Господинчев, ничего не понимая, подался к нему. Нащокин вдруг протянул руку и вцепился ему в волосы. Тот отпрянул, но целый клок остался у товарища. Больно не было.
– Это тоже вам передать, Паншин? – осведомился Нащокин не без иронии. – Никак, вы стали цирюльных дел мастером. Зубья крутите, вот вам и волосы… А уж как кровь пустить, так тут вы первый.
– Хозяйка! – решительно крикнул Паншин. – Веди свою бабку!
Ответа не последовало: похоже было, что хозяйка уже пошла. В дверь просунулась глупая веснушчатая рожа и захлопала глазами.
Залаял пес, во дворе затеялась суета.
– Кого это принесло на ночь глядя? – Господинчев предусмотрительно метнулся к окну. – Темно, не разобрать.
– Да уж не бабка в седле, – Паншин, забыв о волосах и зубах, проверил пистолеты. – Господа, будьте начеку.
Повисло молчание. Каретников затих под тулупом, и с лавки послышался щелчок взводимого курка. Господинчев машинально пригладил предательские вихры, Нащокин встал.
В сенях затопали; недавняя рожа угодливо распахнула дверь, и в горницу, пригнувшись, чтобы не удариться о притолоку, вошел дюжий мужчина. Военный человек.
– Имею дело до господина Паншина, – прохрипел он, не откладывая, и стукнул каблуками. – Пакет от его сиятельства барона фон Гагенгума.
Паншин принял пакет, сломал печать, пробежал глазами текст.
– Садитесь к столу, – пригласил он нарочного. – Эй, кто там! Накормите курьера. Ступай, любезный, в людскую, отведай там щей.

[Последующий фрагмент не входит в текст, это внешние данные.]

(* Let $I\neq\emptyset$ be any index set. Suppose that $Q$ is a non-empty subset of $l_\infty(I)$ given by an arbitrary system of inequalities, each of the form $\sigma x_i\le C$ or $\sigma x_i+\tau x_j\le C$ with $i,j\in I$, $|\sigma|=|\tau|=1$ and $C\in\mathbb{R}$. Then $Q$, with the metric induced by the sup norm, is injective.
   Context: $l_\infty(I)$ is the Banach space of bounded real families $(x_i)_{i\in I}$ with the sup norm. A metric space $Y$ is injective if for every metric space $B$, every $A\subset B$ and every 1-Lipschitz $f\colon A\to Y$ there is a 1-Lipschitz extension $B\to Y$. *)

theory Defs
  imports "HOL-Analysis.Analysis"
begin

text \<open>The index set I is represented by the (arbitrary, nonempty) type 'i.
  l_infinity(I) = bounded real families indexed by 'i, with the sup-norm distance.\<close>

definition linf :: "('i \<Rightarrow> real) set" where
  "linf = {x. bounded (range x)}"

definition linf_dist :: "('i \<Rightarrow> real) \<Rightarrow> ('i \<Rightarrow> real) \<Rightarrow> real" where
  "linf_dist x y = (SUP i. \<bar>x i - y i\<bar>)"

definition ineq_system_set ::
  "('i \<times> real \<times> real) set \<Rightarrow> ('i \<times> 'i \<times> real \<times> real \<times> real) set \<Rightarrow> ('i \<Rightarrow> real) set" where
  "ineq_system_set S1 S2 =
     {x \<in> linf. (\<forall>(i, \<sigma>, C) \<in> S1. \<sigma> * x i \<le> C) \<and>
                 (\<forall>(i, j, \<sigma>, \<tau>, C) \<in> S2. \<sigma> * x i + \<tau> * x j \<le> C)}"

text \<open>Injectivity of the metric space (Y, dY), tested against all metric spaces
  (B, dB) whose points live in the type 'b: every 1-Lipschitz map from a subset
  A of B into Y extends to a 1-Lipschitz map B \<rightarrow> Y.\<close>

definition injective_wrt :: "'b set \<Rightarrow> ('b \<Rightarrow> 'b \<Rightarrow> real) \<Rightarrow> 'y set \<Rightarrow> ('y \<Rightarrow> 'y \<Rightarrow> real) \<Rightarrow> bool" where
  "injective_wrt B dB Y dY \<longleftrightarrow>
     (\<forall>A f. A \<subseteq> B \<and> f \<in> A \<rightarrow> Y \<and> (\<forall>a\<in>A. \<forall>a'\<in>A. dY (f a) (f a') \<le> dB a a') \<longrightarrow>
        (\<exists>g. g \<in> B \<rightarrow> Y \<and> (\<forall>a\<in>A. g a = f a) \<and> (\<forall>b\<in>B. \<forall>b'\<in>B. dY (g b) (g b') \<le> dB b b')))"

– Благодарствуйте, – служивый человек поклонился.
– И чарку ему налейте!
– Всенепременнейше, – бесполая рожа разродилась неожиданно длинным словом.
Нарочный вышел.
– Вы даже не взглянули, в каком он чине, – с укоризной молвил Нащокин. – Может быть, капитан. А вы его в людскую послали.

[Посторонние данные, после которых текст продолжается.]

(* Let $0<\alpha<1$, $T>0$, $N_T$ a positive integer, $\Delta t=T/N_T$, $t_k=k\Delta t$. Let $\varepsilon>0$ and let $s_i>0,\ \omega_i>0$ ($i=1,\dots,N_{\mathrm{exp}}$) satisfy $\left|t^{-1-\alpha}-\sum_{i=1}^{N_{\mathrm{exp}}}\omega_ie^{-s_it}\right|\leq\varepsilon$ for all $t\in[\Delta t,T]$. Let $1\leq n\leq N_T$, let $u\in C^2[0,t_n]$ and set $u^k=u(t_k)$. Then $$\left|{}_0^C D_t^\alpha u(t)\big|_{t=t_n}-{}^{FC}_{0}\mathbb{D}_t^\alpha u^n\right|\leq\frac{\Delta t^{2-\alpha}}{\Gamma(2-\alpha)}\left(\frac{1-\alpha}{12}+\frac{2^{2-\alpha}}{2-\alpha}-(1+2^{-\alpha})\right)\max_{0\leq t\leq t_n}|u''(t)|+\frac{\alpha\varepsilon\, t_{n-1}}{\Gamma(1-\alpha)}\max_{0\leq t\leq t_{n-1}}|u(t)|.$$
   Context: The Caputo derivative of order $\alpha\in(0,1)$ is ${}_0^C D_t^\alpha u(t)=\frac{1}{\Gamma(1-\alpha)}\int_0^t\frac{u'(\tau)}{(t-\tau)^\alpha}d\tau$. For values $u^0,\dots,u^{N_T}$ on the grid $t_k=k\Delta t$, let $\Pi_{1,l}u(\tau)=u^{l-1}\frac{t_l-\tau}{\Delta t}+u^l\frac{\tau-t_{l-1}}{\Delta t}$ on $[t_{l-1},t_l]$, let $U_{i}(t_n)=\sum_{l=1}^{n-1}\int_{t_{l-1}}^{t_l}e^{-s_i(t_n-\tau)}\Pi_{1,l}u(\tau)\,d\tau$ (empty sum $=0$ when $n=1$), and define the fast approximation, for $1\le n\le N_T$, $${}^{FC}_{0}\mathbb{D}_t^\alpha u^n=\frac{u^n-u^{n-1}}{\Delta t^\alpha\Gamma(2-\alpha)}+\frac{1}{\Gamma(1-\alpha)}\left[\frac{u^{n-1}}{\Delta t^\alpha}-\frac{u^0}{t_n^\alpha}-\alpha\sum_{i=1}^{N_{\mathrm{exp}}}\omega_iU_i(t_n)\right].$$ (For $n=1$ this equals $\frac{u^1-u^0}{\Delta t^\alpha\Gamma(2-\alpha)}$.) *)

theory Defs
  imports "HOL-Analysis.Analysis"
begin

text \<open>Caputo derivative of order alpha at time t, for a function whose derivative
  (on [0,t]) is the given function du.\<close>
definition caputo :: "real \<Rightarrow> (real \<Rightarrow> real) \<Rightarrow> real \<Rightarrow> real" where
  "caputo \<alpha> du t = (1 / Gamma (1 - \<alpha>)) * integral {0..t} (\<lambda>\<tau>. du \<tau> / (t - \<tau>) powr \<alpha>)"

definition Pi1 :: "real \<Rightarrow> (nat \<Rightarrow> real) \<Rightarrow> nat \<Rightarrow> real \<Rightarrow> real" where
  "Pi1 dt uv l \<tau> = uv (l - 1) * (real l * dt - \<tau>) / dt + uv l * (\<tau> - real (l - 1) * dt) / dt"

definition Uhist :: "real \<Rightarrow> (nat \<Rightarrow> real) \<Rightarrow> real \<Rightarrow> nat \<Rightarrow> real" where
  "Uhist dt uv si n = (\<Sum>l = 1..n - 1.
      integral {real (l - 1) * dt .. real l * dt}
        (\<lambda>\<tau>. exp (- si * (real n * dt - \<tau>)) * Pi1 dt uv l \<tau>))"

definition fast_caputo :: "real \<Rightarrow> real \<Rightarrow> nat \<Rightarrow> (nat \<Rightarrow> real) \<Rightarrow> (nat \<Rightarrow> real)
    \<Rightarrow> (nat \<Rightarrow> real) \<Rightarrow> nat \<Rightarrow> real" where
  "fast_caputo \<alpha> dt Nexp s \<omega> uv n =
     (uv n - uv (n - 1)) / (dt powr \<alpha> * Gamma (2 - \<alpha>))
     + (1 / Gamma (1 - \<alpha>)) *
       (uv (n - 1) / dt powr \<alpha> - uv 0 / (real n * dt) powr \<alpha>
        - \<alpha> * (\<Sum>i = 1..Nexp. \<omega> i * Uhist dt uv (s i) n))"

end

theory Submission
  imports Defs
begin

text \<open>Split the Caputo integral at \<open>t\<^sub>n\<^sub>-\<^sub>1\<close>. On the last cell the scheme replaces \<open>u'\<close> by
  the difference quotient; integrating the error by parts against \<open>(t\<^sub>n - \<tau>)\<^sup>-\<^sup>\<alpha>\<close> and using
  \<open>|u - \<Pi>\<^sub>1u| \<le> M/2 (\<tau> - t\<^sub>l\<^sub>-\<^sub>1)(t\<^sub>l - \<tau>)\<close> gives an \<open>O(\<Delta>t\<^sup>2\<^sup>-\<^sup>\<alpha>)\<close> remainder. On \<open>[0, t\<^sub>n\<^sub>-\<^sub>1]\<close>
  one integrates by parts to obtain the kernel \<open>(t\<^sub>n - \<tau>)\<^sup>-\<^sup>1\<^sup>-\<^sup>\<alpha>\<close>, which the fast scheme
  applies to \<open>\<Pi>\<^sub>1u\<close> through the sum of exponentials. The error there splits into the
  interpolation error, bounded cell by cell and summed with \<open>\<alpha> \<Sum>\<^sub>j\<^sub>\<ge>\<^sub>2 j\<^sup>-\<^sup>1\<^sup>-\<^sup>\<alpha> \<le> 1\<close>,
  and the sum-of-exponentials error, at most \<open>\<epsilon>\<close> times \<open>max |u|\<close> per unit length.\<close>

abbreviation grid_cell :: "real \<Rightarrow> nat \<Rightarrow> real set" where
  "grid_cell h l \<equiv> {real (l - 1) * h .. real l * h}"

definition lin_interp :: "(real \<Rightarrow> real) \<Rightarrow> real \<Rightarrow> real \<Rightarrow> real \<Rightarrow> real" where
  "lin_interp u a b y = (u a * (b - y) + u b * (y - a)) / (b - a)"

definition sum_of_exponentials :: "nat \<Rightarrow> (nat \<Rightarrow> real) \<Rightarrow> (nat \<Rightarrow> real) \<Rightarrow> real \<Rightarrow> real" where
  "sum_of_exponentials Nexp s \<omega> t = (\<Sum>i = 1..Nexp. \<omega> i * exp (- s i * t))"

text \<open>\<open>penultimate_weight \<alpha> = \<integral>\<^sub>0\<^sup>1 \<sigma> (1 - \<sigma>) (2 - \<sigma>)\<^sup>-\<^sup>\<alpha>\<^sup>-\<^sup>1 d\<sigma>\<close>, the weight of the cell
  \<open>[t\<^sub>n\<^sub>-\<^sub>2, t\<^sub>n\<^sub>-\<^sub>1]\<close> in the interpolation error.\<close>
definition penultimate_weight :: "real \<Rightarrow> real" where
  "penultimate_weight \<alpha> = (1 - 4 * 2 powr (- \<alpha>)) / (2 - \<alpha>) - 3 * (1 - 2 * 2 powr (- \<alpha>)) / (1 - \<alpha>)
     - 2 * (1 - 2 powr (- \<alpha>)) / \<alpha>"

lemma has_real_derivative_zero_between:
  fixes f f' :: "real \<Rightarrow> real"
  assumes "a < b" "f a = f b" "{a..b} \<subseteq> S"
    and deriv: "\<And>y. y \<in> S \<Longrightarrow> (f has_real_derivative f' y) (at y within S)"
  obtains \<xi> where "a < \<xi>" "\<xi> < b" "f' \<xi> = 0"
proof -
  have "(f has_derivative (\<lambda>v. f' y * v)) (at y within {a..b})" if "a \<le> y" "y \<le> b" for y
  proof -
    have "y \<in> S" using assms(3) that by auto
    from DERIV_subset[OF deriv[OF this] assms(3)] show ?thesis
      by (simp add: has_field_derivative_def)
  qed
  then obtain \<xi> where "\<xi> \<in> {a<..<b}" "f b - f a = f' \<xi> * (b - a)"
    using mvt_simple[OF assms(1), of f "\<lambda>y v. f' y * v"] by blast
  with assms(1,2) that show ?thesis by auto
qed

lemma linear_interpolation_error:
  fixes u du ddu :: "real \<Rightarrow> real"
  assumes ab: "a < b" and x: "x \<in> {a..b}"
    and d1: "\<And>y. y \<in> {a..b} \<Longrightarrow> (u has_real_derivative du y) (at y within {a..b})"
    and d2: "\<And>y. y \<in> {a..b} \<Longrightarrow> (du has_real_derivative ddu y) (at y within {a..b})"
    and M: "\<And>y. y \<in> {a..b} \<Longrightarrow> \<bar>ddu y\<bar> \<le> M"
  shows "\<bar>u x - lin_interp u a b x\<bar> \<le> M / 2 * ((x - a) * (b - x))"
proof (cases "x = a \<or> x = b")
  case True
  then show ?thesis using ab by (auto simp: lin_interp_def field_simps)
next
  case False
  with x have ax: "a < x" and xb: "x < b" by auto
  define c where "c = (u x - lin_interp u a b x) / ((x - a) * (b - x))"
  define \<phi> where "\<phi> y = u y - lin_interp u a b y - c * ((y - a) * (b - y))" for y
  define \<phi>' where "\<phi>' y = du y - (u b - u a) / (b - a) - c * (a + b - 2 * y)" for y
  \<comment> \<open>\<open>\<phi>\<close> vanishes at \<open>a, x, b\<close>, so by Rolle twice \<open>\<phi>'' = ddu + 2c\<close> vanishes somewhere.\<close>
  have d\<phi>: "(\<phi> has_real_derivative \<phi>' y) (at y within {a..b})" if "y \<in> {a..b}" for y
    unfolding \<phi>_def \<phi>'_def lin_interp_def using ab
    by (auto intro!: derivative_eq_intros d1[OF that])
  have d\<phi>': "(\<phi>' has_real_derivative ddu y + 2 * c) (at y within {a..b})" if "y \<in> {a..b}" for y
    unfolding \<phi>'_def by (auto intro!: derivative_eq_intros d2[OF that])
  have "\<phi> a = 0" "\<phi> b = 0" using ab by (simp_all add: \<phi>_def lin_interp_def)
  moreover have "\<phi> x = 0" using ax xb by (simp add: \<phi>_def c_def)
  ultimately obtain \<xi>1 \<xi>2 where \<xi>: "a < \<xi>1" "\<xi>1 < x" "\<phi>' \<xi>1 = 0" "x < \<xi>2" "\<xi>2 < b" "\<phi>' \<xi>2 = 0"
    using has_real_derivative_zero_between[where a = a and b = x, OF ax _ _ d\<phi>]
      has_real_derivative_zero_between[where a = x and b = b, OF xb _ _ d\<phi>] ax xb
    by (metis atLeastatMost_subset_iff order.refl less_imp_le)
  obtain \<eta> where \<eta>: "\<xi>1 < \<eta>" "\<eta> < \<xi>2" "ddu \<eta> + 2 * c = 0"
    by (rule has_real_derivative_zero_between[where a = \<xi>1 and b = \<xi>2, OF _ _ _ d\<phi>'])
      (use \<xi> in auto)
  then have "\<bar>c\<bar> \<le> M / 2" using M[of \<eta>] \<xi> by auto
  moreover have "u x - lin_interp u a b x = c * ((x - a) * (b - x))" using ax xb by (simp add: c_def)
  moreover have "0 < (x - a) * (b - x)" using ax xb by simp
  ultimately show ?thesis by (metis abs_mult abs_of_pos mult_right_mono less_imp_le)
qed

lemma has_real_derivative_powr_diff:
  fixes b y p :: real
  assumes "y < b"
  shows "((\<lambda>y. (b - y) powr p) has_real_derivative - p * (b - y) powr (p - 1)) (at y)"
  using assms by (auto intro!: derivative_eq_intros)

lemma has_integral_powr_kernel:
  fixes a b p :: real
  assumes ab: "a \<le> b" and p: "0 < p"
  shows "((\<lambda>y. (b - y) powr (p - 1)) has_integral (b - a) powr p / p) {a..b}"
proof -
  have "((\<lambda>y. (b - y) powr (p - 1)) has_integral
          (\<lambda>y. - ((b - y) powr p) / p) b - (\<lambda>y. - ((b - y) powr p) / p) a) {a..b}"
  proof (rule fundamental_theorem_of_calculus_interior_strong[of "{}"])
    show "continuous_on {a..b} (\<lambda>y. - ((b - y) powr p) / p)"
      using p by (auto intro!: continuous_intros continuous_on_powr')
    fix y assume "y \<in> {a<..<b} - {}"
    then have "((\<lambda>y. - ((b - y) powr p) / p) has_real_derivative - (- p * (b - y) powr (p - 1)) / p) (at y)"
      by (intro DERIV_cdivide DERIV_minus has_real_derivative_powr_diff) auto
    then show "((\<lambda>y. - ((b - y) powr p) / p) has_vector_derivative (b - y) powr (p - 1)) (at y)"
      using p by (simp add: has_real_derivative_iff_has_vector_derivative)
  qed (use ab in auto)
  then show ?thesis using p by simp
qed

lemma powr_neg_decrement_lower:
  fixes k \<alpha> :: real
  assumes k: "1 < k" and \<alpha>: "0 < \<alpha>"
  shows "\<alpha> * k powr (- \<alpha> - 1) \<le> (k - 1) powr (- \<alpha>) - k powr (- \<alpha>)"
proof -
  have "DERIV (\<lambda>y. y powr (- \<alpha>)) x :> - \<alpha> * x powr (- \<alpha> - 1)" if "k - 1 \<le> x" "x \<le> k" for x
    using k that by (auto intro!: derivative_eq_intros)
  from MVT2[of "k - 1" k, OF _ this] obtain z where z: "k - 1 < z" "z < k"
    "k powr (- \<alpha>) - (k - 1) powr (- \<alpha>) = (k - (k - 1)) * (- \<alpha> * z powr (- \<alpha> - 1))" by auto
  have "k powr (- \<alpha> - 1) \<le> z powr (- \<alpha> - 1)"
    using z k \<alpha> by (intro powr_mono2') auto
  then have "\<alpha> * k powr (- \<alpha> - 1) \<le> \<alpha> * z powr (- \<alpha> - 1)" using \<alpha> by (simp add: mult_left_mono)
  then show ?thesis using z(3) by simp
qed

lemma mult_sum_powr_neg_le_1:
  fixes \<alpha> :: real and n :: nat
  assumes \<alpha>: "0 < \<alpha>"
  shows "\<alpha> * (\<Sum>l = 1..n - 2. real (n - l) powr (- \<alpha> - 1)) \<le> 1"
proof -
  define F where "F l = real (n - l) powr (- \<alpha>)" for l
  have F01: "0 \<le> F l \<and> F l \<le> 1" for l
  proof (cases "n - l = 0")
    case False
    then have "1 \<le> real (n - l)" by simp
    then show ?thesis unfolding F_def using \<alpha>
      by (metis powr_ge_zero powr_mono2' powr_one_eq_one neg_le_0_iff_le less_imp_le zero_less_one)
  qed (simp add: F_def)
  have "\<alpha> * (\<Sum>l = 1..n - 2. real (n - l) powr (- \<alpha> - 1))
      = (\<Sum>l = 1..n - 2. \<alpha> * real (n - l) powr (- \<alpha> - 1))"
    by (simp add: sum_distrib_left)
  also have "\<dots> \<le> (\<Sum>l = 1..n - 2. F (Suc l) - F l)"
  proof (rule sum_mono)
    fix l assume l: "l \<in> {1..n - 2}"
    then have "1 < real (n - l)" "real (n - Suc l) = real (n - l) - 1" by auto
    then show "\<alpha> * real (n - l) powr (- \<alpha> - 1) \<le> F (Suc l) - F l"
      unfolding F_def using powr_neg_decrement_lower[of "real (n - l)" \<alpha>] \<alpha> by (simp only:)
  qed
  also have "\<dots> = F (Suc (n - 2)) - F 1" by (rule sum_Suc_diff) simp
  also have "\<dots> \<le> 1" using F01[of "Suc (n - 2)"] F01[of 1] by linarith
  finally show ?thesis .
qed

lemma abs_convex_combination_le:
  fixes x y p q K :: real
  assumes "0 \<le> p" "0 \<le> q" "p + q = 1" "\<bar>x\<bar> \<le> K" "\<bar>y\<bar> \<le> K"
  shows "\<bar>x * p + y * q\<bar> \<le> K"
proof -
  have "\<bar>x * p + y * q\<bar> \<le> \<bar>x\<bar> * p + \<bar>y\<bar> * q"
    using assms(1,2) by (metis abs_mult abs_of_nonneg abs_triangle_ineq)
  also have "\<dots> \<le> K * p + K * q" using assms by (intro add_mono mult_right_mono) auto
  also have "\<dots> = K" using assms(3) by (simp add: distrib_left[symmetric])
  finally show ?thesis .
qed

lemma abs_le_SUP_abs:
  fixes f :: "real \<Rightarrow> real"
  assumes "continuous_on {a..b} f" "x \<in> {a..b}"
  shows "\<bar>f x\<bar> \<le> (SUP t\<in>{a..b}. \<bar>f t\<bar>)"
  by (intro cSUP_upper assms bounded_imp_bdd_above compact_imp_bounded compact_continuous_image
      continuous_intros compact_Icc)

– Что за беда! Капитан не пошел бы. Мы дали бы друг другу сатисфакцию… Слушайте, господа! Барон дает нам деликатное поручение. Он пишет, что, понужденный действовать тайно, не в силах навязывать волю, но токмо просит…
– Обычная оказия, – Господинчев пренебрежительно скривился. – Попробуй не уважь такую просьбу.
– Нет, господа, тут дело серьезное. Барон просит освободить его племянницу, звать Машей, которую насильно везет в монастырь «злокозненный мусью Берлинго», безродный французишка без чести и совести. По разумению барона, они должны остановиться в Покровском, что в двадцати верстах отсюда…
– До Покровского все сто верст будет, – донеслось с лавки.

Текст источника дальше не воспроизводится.